AOJ Salmon Run Charts

Kenai Peninsula Cook Inlet
Saltwater King Salmon Fisheries

PLEASE NOTE: The Department of Fish & Game no longer staffs personnel at the beaches of Anchor Point and Deep Creek to gather king salmon harvest data from the troll fishery anglers. This information will now be left on the site as Historical Data for identifying the characteristics of this run and the best periods for fishing.

2002 Anchor Point Saltwater King Fishery
2002 Deep Creek Saltwater King Fishery

Planning Notes

The Kenai Peninsula's Cook Inlet - Kachemak Bay supports a saltwater king salmon troll fishery year 'round...providing you can tough the cold temperatures of winter to get out. Those chinook which are found in our waters from the end of summer to the end of March are referred to as feeder kings, i.e. those fish who have one or more years remaining in saltwater before returning to their home waters to spawn and die. They range from one year old 12"-16" fish to those 3 years or more which can exceed 30 pounds.

These feeders remain in the area even during the spring and summer fishing season when Alaska's mature king salmon begin to return to the dozens of streams which flow into Cook Inlet. One of the historical staging areas and migration routes is along the Kenai Peninsula beaches from Bluff Point just north of Homer all the way up the Inlet to the mouth of the Kenai River. Over the past 30 years, a growing sport fishery has occurred primarily from Anchor Point to Ninilchik River where a great number of kings gather before entering these lower Peninsula streams where they were born. At the same time, kings that are part of the Kasilof/Crooked Creek and Kenai River early king salmon runs also move through this section of coastline, providing even more opportunities for catching a king salmon in saltwater.

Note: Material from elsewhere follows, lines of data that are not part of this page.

lemma ranking_along_relation:
  fixes lev :: "'a \<Rightarrow> nat"
  assumes "countable V" and finite_below: "\<And>v. v \<in> V \<Longrightarrow> finite {u. R u v}"
    and lower: "\<And>u v. v \<in> V \<Longrightarrow> R u v \<Longrightarrow> u \<in> V \<and> lev u < lev v"
  obtains key :: "'a \<Rightarrow> nat" where "inj_on key V" "\<And>u v. v \<in> V \<Longrightarrow> R u v \<Longrightarrow> key u < key v"
proof -
  define idx where "idx = to_nat_on V"
  define rank where "rank v = depth_weight idx (\<lambda>v. {u. R u v}) (lev v) v" for v
  have rank_less: "rank u < rank v" if "v \<in> V" "R u v" for u v
    unfolding rank_def using finite_below lower that by (intro depth_weight_less) auto
  have idx_le_rank: "idx v \<le> rank v" for v
    unfolding rank_def by (rule weight_le_depth_weight)
  define key where "key v = rank v * rank v + rank v + idx v" for v
  have key_less: "key u < key v" if "rank u < rank v" for u v
    unfolding key_def using idx_le_rank that by (rule square_key_less)
  show ?thesis
  proof
    show "inj_on key V"
    proof (rule inj_onI)
      fix u v assume "u \<in> V" "v \<in> V" "key u = key v"
      then have "rank u = rank v"
        using key_less[of u v] key_less[of v u] by linarith
      with \<open>key u = key v\<close> have "idx u = idx v"
        by (simp add: key_def)
      with \<open>u \<in> V\<close> \<open>v \<in> V\<close> show "u = v"
        using inj_on_to_nat_on[OF \<open>countable V\<close>] by (auto simp: idx_def dest: inj_onD)
    qed
    show "key u < key v" if "v \<in> V" "R u v" for u v
      using key_less rank_less that by blast
  qed
qed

As you can see by the charts and their historical data, there isn't a large number of chinook taken compared to what is caught by stream fishermen in the freshwater fisheries of the Anchor River, Deep Creek, Ninilchik River, Kasilof River and Kenai River. But the magic attraction is the opportunity to try for kings for a few hours of trolling before heading out into the middle of Cook Inlet at slack tide to fish for halibut, the primary target species of most saltwater anglers during the summer months.